As parents, we all want what’s best for our kids. And the simple reality is that a child’s financial education has a huge impact on their future success and security in life. One smart way to start is by opening a custodial account in your child’s name. This guide explains how custodial accounts work, the pros and cons, and what happens when your child turns 18.

What is a custodial account?

A custodial account is a financial account created by an adult for a minor. The adult (known as the “custodian”) manages the account until the child reaches the age of majority (usually 18 or 21, depending on the state).

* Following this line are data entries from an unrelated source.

(* The following are equivalent: (1) There exist a strictly positive $f\in\mathrm{Dom}_+(\Gamma)$ and $\epsilon>0$ such that $\Gamma f(x)\le-\epsilon$ for all $x\in\mathbb X$. (2) The explosion time $\zeta$ satisfies $\mathbb E_x\zeta<+\infty$ for all $x\in\mathbb X$.
   Context: Let $\mathbb X$ be a countably infinite set and $\Gamma=(\Gamma_{xy})_{x,y\in\mathbb X}$ a matrix with $\Gamma_{xy}\ge0$ for $y\ne x$, $\gamma_x:=\sum_{y\ne x}\Gamma_{xy}$, $\Gamma_{xx}=-\gamma_x$, and $0<\gamma_x<\infty$ for all $x$. Let $P_{xy}=\Gamma_{xy}/\gamma_x$ for $y\neq x$ and $P_{xx}=0$; the discrete-time Markov chain $(\tilde\xi_n)_{n\ge0}$ with transition matrix $P$ (embedded jump chain) is assumed irreducible. The continuous-time Markov chain $(\xi_t)_{t\ge0}$ with generator $\Gamma$: conditionally on $\tilde\xi$, holding times $\sigma_n$ ($n\ge1$) are independent exponential with parameter $\gamma_{\tilde\xi_{n-1}}$; $J_0=0$, $J_n=\sigma_1+\dots+\sigma_n$; the explosion time is $\zeta=\lim_n J_n$; $\xi_t=\tilde\xi_n$ for $J_n\le t<J_{n+1}$, and $\xi_t=\partial$ (cemetery) for $t\ge\zeta$. $\mathbb E_x$ refers to $\xi_0=x$. $\mathrm{Dom}(\Gamma)=\{f:\mathbb X\to\mathbb R:\ \sum_{y\ne x}\Gamma_{xy}|f(y)|<\infty\ \forall x\}$, $\mathrm{Dom}_+(\Gamma)$ its non-negative elements, and $\Gamma f(x)=\sum_{y}\Gamma_{xy}f(y)$. *)

theory Defs
  imports "HOL-Probability.Probability"
begin

definition gam :: "('a \<Rightarrow> 'a \<Rightarrow> real) \<Rightarrow> 'a \<Rightarrow> real" where
  "gam \<Gamma> x = (\<Sum>\<^sub>\<infinity>y\<in>UNIV - {x}. \<Gamma> x y)"

definition rate_matrix :: "('a \<Rightarrow> 'a \<Rightarrow> real) \<Rightarrow> bool" where
  "rate_matrix \<Gamma> \<longleftrightarrow>
     (\<forall>x y. y \<noteq> x \<longrightarrow> 0 \<le> \<Gamma> x y) \<and>
     (\<forall>x. (\<Gamma> x) summable_on (UNIV - {x})) \<and>
     (\<forall>x. \<Gamma> x x = - gam \<Gamma> x) \<and>
     (\<forall>x. 0 < gam \<Gamma> x)"

definition jumpP :: "('a \<Rightarrow> 'a \<Rightarrow> real) \<Rightarrow> 'a \<Rightarrow> 'a \<Rightarrow> real" where
  "jumpP \<Gamma> x y = (if y = x then 0 else \<Gamma> x y / gam \<Gamma> x)"
lemma neg_end_height_split:
  "end_height w < 0 \<Longrightarrow> \<exists>a s. w = a @ False # s \<and> dyck a"
proof (induction "length w" arbitrary: w rule: less_induct)
  case less
  then obtain c w' where w: "w = c # w'"
    by (cases w) auto
  show ?case
  proof (cases c)
    case False
    then show ?thesis using w by force
  next
    case True
    then have "end_height w' < 0"
      using less.prems w by (simp add: step_val_def)
    then obtain a1 s1 where 1: "w' = a1 @ False # s1" "dyck a1"
      using less.hyps[of w'] w by auto
    then have "end_height s1 < 0"
      using less.prems w True by (simp add: dyck_def step_val_def)
    then obtain a2 s where 2: "s1 = a2 @ False # s" "dyck a2"
      using less.hyps[of s1] w 1 by auto
    have "w = (True # a1 @ False # a2) @ False # s"
      using w True 1 2 by simp
    then show ?thesis
      using dyck_wrap_append[OF 1(2) 2(2)] by blast
  qed
qed

lemma dyck_first_return:
  assumes "dyck p" "p \<noteq> []"
  obtains a r where "p = True # a @ False # r" "dyck a" "dyck r"
proof -
  obtain w where p: "p = True # w"
    using dyck_hd[OF assms] assms(2) by (cases p) auto
  then have "end_height w < 0"
    using assms(1) by (simp add: dyck_def step_val_def)
  then obtain a r where w: "w = a @ False # r" "dyck a"
    using neg_end_height_split by blast
  then have "dyck r"
    using dyck_append_cancel_left[OF dyck_wrap[OF w(2)]] assms(1) p by simp
  then show ?thesis
    using that p w by blast
qed

lemma dyck_not_append_False:
  assumes "dyck a"
  shows "\<not> dyck (a @ False # u)"
proof
  assume "dyck (a @ False # u)"
  then have "0 \<le> height (a @ False # u) (Suc (length a))"
    unfolding dyck_def by auto
  then show False
    using assms unfolding dyck_def by (simp add: height_append height_Cons step_val_def)
qed

lemma dyck_first_return_unique:
  assumes "dyck a" "dyck b" "a @ False # r = b @ False # s"
  shows "a = b \<and> r = s"
proof -
  obtain us where
    "a = b @ us \<and> us @ False # r = False # s \<or> a @ us = b \<and> False # r = us @ False # s"
    using assms(3) by (auto simp: append_eq_append_conv2)
  then show ?thesis
    using assms(1,2) dyck_not_append_False by (cases us) auto
qed

section \<open>Trailing downsteps and descents\<close>

definition trailing_downs :: "bool list \<Rightarrow> nat" where
  "trailing_downs p = length (takeWhile Not (rev p))"

lemma trailing_downs_snoc_False [simp]: "trailing_downs (p @ [False]) = Suc (trailing_downs p)"
  by (simp add: trailing_downs_def)

lemma trailing_downs_Cons_True [simp]: "trailing_downs (True # p) = trailing_downs p"
  by (simp add: trailing_downs_def takeWhile_append) (metis length_rev set_rev takeWhile_eq_all_conv)

lemma trailing_downs_append: "True \<in> set q \<Longrightarrow> trailing_downs (p @ q) = trailing_downs q"
  unfolding trailing_downs_def by (subst rev_append, subst takeWhile_append1[of True]) auto

lemma trailing_downs_le_length: "trailing_downs p \<le> length p"
  unfolding trailing_downs_def by (metis length_rev length_takeWhile_le)

lemma trailing_downs_split:
  obtains w where "p = w @ replicate (trailing_downs p) False" "w = [] \<or> last w"
proof -
  define w where "w = rev (dropWhile Not (rev p))"
  have "takeWhile Not (rev p) = replicate (trailing_downs p) False"
    unfolding trailing_downs_def by (metis (full_types) replicate_length_same set_takeWhileD)
  then have "rev p = replicate (trailing_downs p) False @ dropWhile Not (rev p)"
    by (metis takeWhile_dropWhile_id)
  then have "p = w @ replicate (trailing_downs p) False"
    unfolding w_def by (metis rev_append rev_replicate rev_rev_ident)
  moreover have "w = [] \<or> last w"
    unfolding w_def by (metis (full_types) hd_dropWhile last_rev rev_is_Nil_conv)
  ultimately show ?thesis
    using that by blast
qed

lemma is_descent_bounds: "is_descent p i j \<Longrightarrow> i < j \<and> j \<le> length p"
  by (simp add: is_descent_def)

lemma is_descent_to_end_iff:
  assumes "p \<noteq> []" "\<not> last p"
  shows "is_descent p i (length p) \<longleftrightarrow> i = length p - trailing_downs p"
proof -
  define t where "t = trailing_downs p"
  obtain w where p: "p = w @ replicate t False" and w: "w = [] \<or> last w"
    unfolding t_def by (rule trailing_downs_split)
  have "0 < t"
    using assms p w by (cases t) auto
  have L: "length p = length w + t"
    using p by simp
  show ?thesis
    unfolding t_def[symmetric]
  proof
    assume d: "is_descent p i (length p)"
    have "\<not> i < length w"
    proof
      assume "i < length w"
      then have "i \<le> length w - 1" "length w - 1 < length p"
        using L by auto
      then have "\<not> p ! (length w - 1)"
        using d unfolding is_descent_def by blast
      moreover have "w \<noteq> []"
        using \<open>i < length w\<close> by auto
      ultimately show False
        using w p by (simp add: nth_append last_conv_nth)
    qed
    moreover have "\<not> length w < i"
    proof
      assume "length w < i"
      then have "p ! (i - 1)" "i - 1 < length p"
        using d unfolding is_descent_def by auto
      moreover have "length w \<le> i - 1"
        using \<open>length w < i\<close> by linarith
      ultimately show False
        using p by (simp add: nth_append)
    qed
    ultimately show "i = length p - t"
      using L by simp
  next
    assume "i = length p - t"
    then show "is_descent p i (length p)"
      using \<open>0 < t\<close> w p L unfolding is_descent_def
      by (cases "w = []") (auto simp: nth_append last_conv_nth)
  qed
qed

lemma is_descent_append_left:
  assumes "j \<le> length p" "q = [] \<or> hd q"
  shows "is_descent (p @ q) i j \<longleftrightarrow> is_descent p i j"
  using assms unfolding is_descent_def by (cases q) (auto simp: nth_append)

lemma is_descent_append_right:
  assumes "q \<noteq> []" "hd q"
  shows "is_descent (p @ q) (i + length p) (j + length p) \<longleftrightarrow> is_descent q i j"
proof (cases "i = 0")
  case True
  then show ?thesis
    using assms unfolding is_descent_def by (cases q) (auto simp: nth_append)
next
  case False
  have "(\<forall>k. i + length p \<le> k \<and> k < j + length p \<longrightarrow> \<not> (p @ q) ! k) \<longleftrightarrow>
        (\<forall>k. i \<le> k \<and> k < j \<longrightarrow> \<not> q ! k)"
  proof safe
    fix k
    assume "\<forall>k. i + length p \<le> k \<and> k < j + length p \<longrightarrow> \<not> (p @ q) ! k" "i \<le> k" "k < j" "q ! k"
    then have "\<not> (p @ q) ! (length p + k)"
      by (simp add: add.commute)
    with \<open>q ! k\<close> show False
      by simp
  next
    fix k
    assume H: "\<forall>k. i \<le> k \<and> k < j \<longrightarrow> \<not> q ! k" "i + length p \<le> k" "k < j + length p" "(p @ q) ! k"
    have "i \<le> k - length p" "k - length p < j"
      using H(2,3) by linarith+
    then have "\<not> q ! (k - length p)"
      using H(1) by blast
    with H(2,4) show False
      by (simp add: nth_append)
  qed
  moreover have "(p @ q) ! (i + length p - 1) = q ! (i - 1)"
  proof -
    have "i + length p - 1 = length p + (i - 1)"
      using False by simp
    then show ?thesis
      by simp
  qed
  ultimately show ?thesis
    using False unfolding is_descent_def by (simp add: nth_append)
qed
text \<open>Let \<open>t = a\<^sub>k\<close> be a largest coordinate and \<open>u = (d - t)/(d - 1)\<close> the mean of the others.
  On \<open>0 < s \<le> t\<close> the function \<open>1/s\<close> lies above its Hermite interpolant at the nodes \<open>u\<close> (double)
  and \<open>t\<close>, a quadratic in \<open>s\<close>, with equality only for \<open>s \<in> {u, t}\<close>. Summing over the
  coordinates bounds \<open>A\<close> from below by an affine function of \<open>B\<close> that is exact at the two-point
  vector \<open>(t, u, \<dots>, u)\<close>. Since \<open>B\<close> is at least its value \<open>B\<^sub>0\<close> at the two-point vector, and
  a one-variable cubic inequality (this is where \<open>d \<ge> 3\<close> enters) makes the relevant slope
  nonnegative, the defect \<open>A B - d\<^sup>2 - (d + 2 \<surd>(d - 1)) (B - d)\<close> is at least the defect of the
  two-point vector. With \<open>r = \<surd>(d - 1)\<close> and \<open>t = 1 + r\<^sup>2 x\<close>, the latter equals
  \<open>d r\<^sup>2 x\<^sup>2 (r (r + 1) x - (r - 1))\<^sup>2 / ((1 - x) (1 + r\<^sup>2 x))\<close>, which vanishes exactly for
  \<open>x = 0\<close> (the vector \<open>1\<close>) and \<open>x = (r - 1)/(r (r + 1))\<close> (the vector \<open>a_star\<close>).\<close>

lemma quadratic_nonneg_of_discriminant:
  fixes a b c x :: real
  assumes "0 < a" "b^2 \<le> 4*a*c"
  shows "0 \<le> a*x^2 + b*x + c"
proof -
  have "4*a*(a*x^2 + b*x + c) = (2*a*x + b)^2 + (4*a*c - b^2)"
    by (simp add: algebra_simps power2_eq_square)
  also have "\<dots> \<ge> 0" using assms by simp
  finally show ?thesis using assms by (simp add: zero_le_mult_iff)
qed
(* Let $\Theta_{\mathrm{Sym}(V)}:\mathrm{Sym}(V)\to\mathrm{Sym}(V)$ be the linear map with $\Theta_{\mathrm{Sym}(V)}(\overline{v_\alpha})=2^{\ell(\alpha)}\overline{v_\alpha}$ if $v_\alpha$ is odd and $0$ otherwise. Then $\Theta_{\mathrm{Sym}(V)}$ is a graded Hopf algebra morphism with image in $\mathrm{Sym}(\mathrm{O}(V))$, and $\Phi_{\mathrm{Sym}(V)}\circ\Theta_{\mathrm{Sym}(V)}=\Theta_{\mathrm{Sym}}\circ\Phi_{\mathrm{Sym}(V)}$. Thus $\Theta_{\mathrm{Sym}(V)}$ is a theta map for $(\mathrm{Sym}(V),\zeta_{\mathrm{Sym}(V)})$.
   Context: $V$ is a graded vector space with fixed homogeneous basis $\{v_1,v_2,\dots\}$, positive degrees, finitely many of each degree. For a composition $\alpha=(\alpha_1,\dots,\alpha_\ell)$ ($\ell(\alpha)=\ell$), $v_\alpha=v_{\alpha_1}\cdots v_{\alpha_\ell}$ in the tensor algebra $\mathrm{T}(V)$ (concatenation product, $v_i$ primitive). $\mathrm{Sym}(V)=\mathrm{T}(V)/I(V)$ where $I(V)$ is the ideal generated by all $v_iv_j-v_jv_i$; $\overline{v_\alpha}$ is the class of $v_\alpha$, $\deg(\overline{v_\alpha})=\sum\deg(v_{\alpha_i})$. $v_\alpha$ is odd if every $\deg(v_{\alpha_i})$ is odd; $\mathrm{Sym}(\mathrm{O}(V))$ is the span of $\overline{v_\alpha}$ with $v_\alpha$ odd. $\mathrm{Sym}$ is the Hopf algebra of symmetric functions with scaled power sums $p_n=\frac1n\sum_i x_i^n$ (primitive, freely generating). $\Phi_{\mathrm{Sym}(V)}:\mathrm{Sym}(V)\to\mathrm{Sym}$ is the algebra morphism $\overline{v_i}\mapsto p_{\deg(v_i)}$; $\zeta_{\mathrm{Sym}(V)}$ is the character $\overline{v_i}\mapsto 1/\deg(v_i)$. $\zeta_{\mathrm{Sym}}(f)=f(1,0,0,\dots)$. $\Theta_{\mathrm{Sym}}$ is the unique graded Hopf morphism $\mathrm{Sym}\to\mathrm{Sym}$ with $\zeta_{\mathrm{Sym}}\circ\Theta_{\mathrm{Sym}}=\overline{\zeta_{\mathrm{Sym}}^{-1}}\zeta_{\mathrm{Sym}}$ (convolution $\zeta\zeta'=m\circ(\zeta\otimes\zeta')\circ\Delta$, $\zeta^{-1}=\zeta\circ\mathcal{S}$, $\bar\zeta=(-1)^n\zeta$ in degree $n$); equivalently the algebra morphism with $\Theta_{\mathrm{Sym}}(p_n)=2p_n$ for $n$ odd and $0$ for $n$ even. A theta map here means a graded Hopf morphism $\Theta$ of $\mathrm{Sym}(V)$ with $\Phi_{\mathrm{Sym}(V)}\circ\Theta=\Theta_{\mathrm{Sym}}\circ\Phi_{\mathrm{Sym}(V)}$. *)

theory Defs
  imports Main "HOL-Library.Poly_Mapping" "HOL-Library.Product_Plus"
begin

text \<open>
  The fixed homogeneous basis of V is indexed by a type 'i, with a
  degree function deg :: 'i => nat (positive, finitely many basis vectors of
  each degree).  Sym(V) is the commutative polynomial algebra over a field 'k
  of characteristic 0 in the commuting variables v_i:
    an element is a finitely supported map  ('i =>0 nat) =>0 'k,
  a monomial  a :: 'i =>0 nat  standing for the class of v_alpha where alpha
  has exactly  lookup a i  entries equal to i.
  Sym is modelled likewise as the free commutative algebra on the scaled
  power sums p_1, p_2, ...; the variable m :: nat stands for p_(m+1).
  The tensor square of a polynomial algebra is modelled as polynomials in
  pairs of monomials:  (('i =>0 nat) * ('i =>0 nat)) =>0 'k.
\<close>

type_synonym ('i,'k) symV = "('i \<Rightarrow>\<^sub>0 nat) \<Rightarrow>\<^sub>0 'k"
type_synonym ('i,'k) symV2 = "(('i \<Rightarrow>\<^sub>0 nat) \<times> ('i \<Rightarrow>\<^sub>0 nat)) \<Rightarrow>\<^sub>0 'k"
type_synonym 'k symf = "(nat \<Rightarrow>\<^sub>0 nat) \<Rightarrow>\<^sub>0 'k"

definition smul :: "'k::comm_ring_1 \<Rightarrow> ('m \<Rightarrow>\<^sub>0 'k) \<Rightarrow> ('m \<Rightarrow>\<^sub>0 'k)" where
  "smul c f = Poly_Mapping.map (\<lambda>x. c * x) f"

definition mon :: "'m \<Rightarrow> ('m \<Rightarrow>\<^sub>0 'k::comm_ring_1)" where
  "mon a = Poly_Mapping.single a 1"

definition var :: "'i \<Rightarrow> ('i,'k::comm_ring_1) symV" where
  "var i = mon (Poly_Mapping.single i 1)"

definition psum :: "nat \<Rightarrow> 'k::comm_ring_1 symf" where
  "psum n = var (n - 1)"

definition subst :: "('i \<Rightarrow> ('m::comm_monoid_add \<Rightarrow>\<^sub>0 'k::comm_ring_1))
     \<Rightarrow> ('i,'k) symV \<Rightarrow> ('m \<Rightarrow>\<^sub>0 'k)" where
  "subst g f = (\<Sum>a\<in>Poly_Mapping.keys f.
       smul (Poly_Mapping.lookup f a) (\<Prod>i\<in>Poly_Mapping.keys a. g i ^ Poly_Mapping.lookup a i))"

definition mlen :: "('i \<Rightarrow>\<^sub>0 nat) \<Rightarrow> nat" where
  "mlen a = (\<Sum>i\<in>Poly_Mapping.keys a. Poly_Mapping.lookup a i)"

definition mdeg :: "('i \<Rightarrow> nat) \<Rightarrow> ('i \<Rightarrow>\<^sub>0 nat) \<Rightarrow> nat" where
  "mdeg deg a = (\<Sum>i\<in>Poly_Mapping.keys a. Poly_Mapping.lookup a i * deg i)"

definition odd_mon :: "('i \<Rightarrow> nat) \<Rightarrow> ('i \<Rightarrow>\<^sub>0 nat) \<Rightarrow> bool" where
  "odd_mon deg a \<longleftrightarrow> (\<forall>i\<in>Poly_Mapping.keys a. odd (deg i))"

definition SymO :: "('i \<Rightarrow> nat) \<Rightarrow> ('i,'k::comm_ring_1) symV set" where
  "SymO deg = {f. \<forall>a\<in>Poly_Mapping.keys f. odd_mon deg a}"

definition homogeneous :: "('i \<Rightarrow> nat) \<Rightarrow> nat \<Rightarrow> ('i,'k::comm_ring_1) symV \<Rightarrow> bool" where
  "homogeneous deg n f \<longleftrightarrow> (\<forall>a\<in>Poly_Mapping.keys f. mdeg deg a = n)"

definition graded_map :: "('i \<Rightarrow> nat) \<Rightarrow> (('i,'k::comm_ring_1) symV \<Rightarrow> ('i,'k) symV) \<Rightarrow> bool" where
  "graded_map deg F \<longleftrightarrow> (\<forall>n f. homogeneous deg n f \<longrightarrow> homogeneous deg n (F f))"

definition tensor :: "('i,'k::comm_ring_1) symV \<Rightarrow> ('i,'k) symV \<Rightarrow> ('i,'k) symV2" where
  "tensor f g = (\<Sum>a\<in>Poly_Mapping.keys f. \<Sum>b\<in>Poly_Mapping.keys g.
       smul (Poly_Mapping.lookup f a * Poly_Mapping.lookup g b) (mon (a, b)))"

definition tensor_map :: "(('i,'k::comm_ring_1) symV \<Rightarrow> ('i,'k) symV)
     \<Rightarrow> (('i,'k) symV \<Rightarrow> ('i,'k) symV) \<Rightarrow> ('i,'k) symV2 \<Rightarrow> ('i,'k) symV2" where
  "tensor_map F G h = (\<Sum>ab\<in>Poly_Mapping.keys h.
       smul (Poly_Mapping.lookup h ab) (tensor (F (mon (fst ab))) (G (mon (snd ab)))))"

definition coprod :: "('i,'k::comm_ring_1) symV \<Rightarrow> ('i,'k) symV2" where
  "coprod = subst (\<lambda>i. tensor (var i) 1 + tensor 1 (var i))"

definition counit :: "('i,'k::comm_ring_1) symV \<Rightarrow> 'k" where
  "counit f = Poly_Mapping.lookup f 0"

definition antipode :: "('i,'k::comm_ring_1) symV \<Rightarrow> ('i,'k) symV" where
  "antipode = subst (\<lambda>i. - var i)"

definition hopf_morphism :: "(('i,'k::comm_ring_1) symV \<Rightarrow> ('i,'k) symV) \<Rightarrow> bool" where
  "hopf_morphism F \<longleftrightarrow>
     (\<forall>f g. F (f + g) = F f + F g) \<and>
     (\<forall>c f. F (smul c f) = smul c (F f)) \<and>
     F 1 = 1 \<and>
     (\<forall>f g. F (f * g) = F f * F g) \<and>
     (\<forall>f. coprod (F f) = tensor_map F F (coprod f)) \<and>
     (\<forall>f. counit (F f) = counit f) \<and>
     (\<forall>f. antipode (F f) = F (antipode f))"

definition PhiSymV :: "('i \<Rightarrow> nat) \<Rightarrow> ('i,'k::comm_ring_1) symV \<Rightarrow> 'k symf" where
  "PhiSymV deg = subst (\<lambda>i. psum (deg i))"

definition ThetaSym :: "'k::comm_ring_1 symf \<Rightarrow> 'k symf" where
  "ThetaSym = subst (\<lambda>m. if odd (m + 1) then smul 2 (psum (m + 1)) else 0)"

definition theta_map :: "('i \<Rightarrow> nat) \<Rightarrow> (('i,'k::comm_ring_1) symV \<Rightarrow> ('i,'k) symV) \<Rightarrow> bool" where
  "theta_map deg F \<longleftrightarrow> hopf_morphism F \<and> graded_map deg F \<and>
      PhiSymV deg \<circ> F = ThetaSym \<circ> PhiSymV deg"

definition ThetaSymV :: "('i \<Rightarrow> nat) \<Rightarrow> ('i,'k::comm_ring_1) symV \<Rightarrow> ('i,'k) symV" where
  "ThetaSymV deg f = (\<Sum>a\<in>Poly_Mapping.keys f.
       smul (Poly_Mapping.lookup f a)
         (if odd_mon deg a then smul (2 ^ mlen a) (mon a) else 0))"

end

theory Submission
  imports Defs
begin

text \<open>
  Write c n = 2 for odd n and c n = 0 for even n.  Theta_Sym(V) multiplies the
  coefficient of v_alpha by the product of the c (deg v_i) over the letters of alpha,
  and Theta_Sym multiplies the coefficient of a monomial in the p_n by the product of
  the c n.  Rescaling coefficients by a weight that is multiplicative on monomials is
  the algebra endomorphism v_i |-> w_i v_i of a polynomial algebra; for primitive
  generators such a map commutes with the coproduct (w_i v_i (x) 1 + 1 (x) w_i v_i), the
  counit and the antipode, and it preserves degrees.  Since Phi_Sym(V) sends v_i to
  p_(deg v_i), whose weight c (deg v_i) is that of v_i, Phi intertwines the two maps.
\<close>

lemma lookup_smul [simp]: "Poly_Mapping.lookup (smul c f) x = c * Poly_Mapping.lookup f x"
  unfolding smul_def by (simp add: Poly_Mapping.map.rep_eq when_def)

lemma smul_eq_single_zero_mult: "smul c f = Poly_Mapping.single 0 c * f"
  unfolding smul_def by (rule mult_map_scale_conv_mult)

lemma smul_single: "smul c (Poly_Mapping.single a d) = Poly_Mapping.single a (c * d)"
  by (rule poly_mapping_eqI) (simp add: lookup_single when_def)

lemma smul_add: "smul c (f + g) = smul c f + smul c g"
  by (rule poly_mapping_eqI) (simp add: lookup_add algebra_simps)

lemma smul_uminus: "smul c (- f) = - smul c f"
  by (rule poly_mapping_eqI) simp

lemma smul_zero_left: "smul 0 f = 0"
  by (rule poly_mapping_eqI) simp

lemma poly_mapping_sum_single_superset:
  assumes "finite S" "Poly_Mapping.keys f \<subseteq> S"
  shows "f = (\<Sum>a\<in>S. Poly_Mapping.single a (Poly_Mapping.lookup f a))"
  using assms by (auto intro!: poly_mapping_eqI
      simp: lookup_sum lookup_single when_def in_keys_iff sum.delta)

lemma poly_mapping_sum_single:
  "f = (\<Sum>a\<in>Poly_Mapping.keys f. Poly_Mapping.single a (Poly_Mapping.lookup f a))"
  by (rule poly_mapping_sum_single_superset) simp_all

The money or assets in the account legally belong to the child. That means once they’re old enough, they’ll get full control. Until then, you can manage the account, invest funds, and use the money for expenses that benefit your child.

How custodial accounts work

So, how does a custodial account actually work in day-to-day life? Here’s a quick breakdown of what to expect, from who owns the money to how (and when) it can be used.

Ownership

The adult listed on the account (usually a parent or guardian) is in charge of managing it. But from day one, the money in the account belongs to the child. You're just handling it until they’re old enough to take over.

Contributions

Anyone can chip in, including parents, grandparents, and even generous family friends. But once the money goes in, it’s considered a gift that can’t be taken back. That means all contributions are permanent.

Withdrawals

You can use the money while your child is still a minor, but only for things that benefit them, like school supplies, extracurriculars, camp, or medical expenses. 

Taxes

Any earnings (like interest, dividends, or capital gains) are taxed under your child’s Social Security number. If those earnings are high enough, the IRS may apply what's called the “kiddie tax.” If you're contributing a lot or investing aggressively, it’s worth checking in with a tax pro.

Pros and cons of custodial accounts for parents

Like any financial tool, custodial accounts come with both benefits and trade-offs. Before you open one, it’s helpful to understand how they work in the long run, especially once your child takes control. Here's a look at the key pros and cons.

Pros

  • Easy to open. Custodial accounts are available through most banks and brokerages.

  • Flexible use. The funds can be used for any expense that benefits the child.

  • Financial education. They help kids learn about saving, investing, and ownership.

  • Gift-friendly. Great for grandparents or others looking to contribute to a child’s future.

Cons

  • Irrevocable gifts. Once the money’s in, it belongs to the child.

  • It can impact financial aid. Since the money legally belongs to the child, it can reduce college financial aid eligibility.

  • No restrictions. Once your child reaches the age of majority, they can use the funds however they want, even if it’s not what you had in mind.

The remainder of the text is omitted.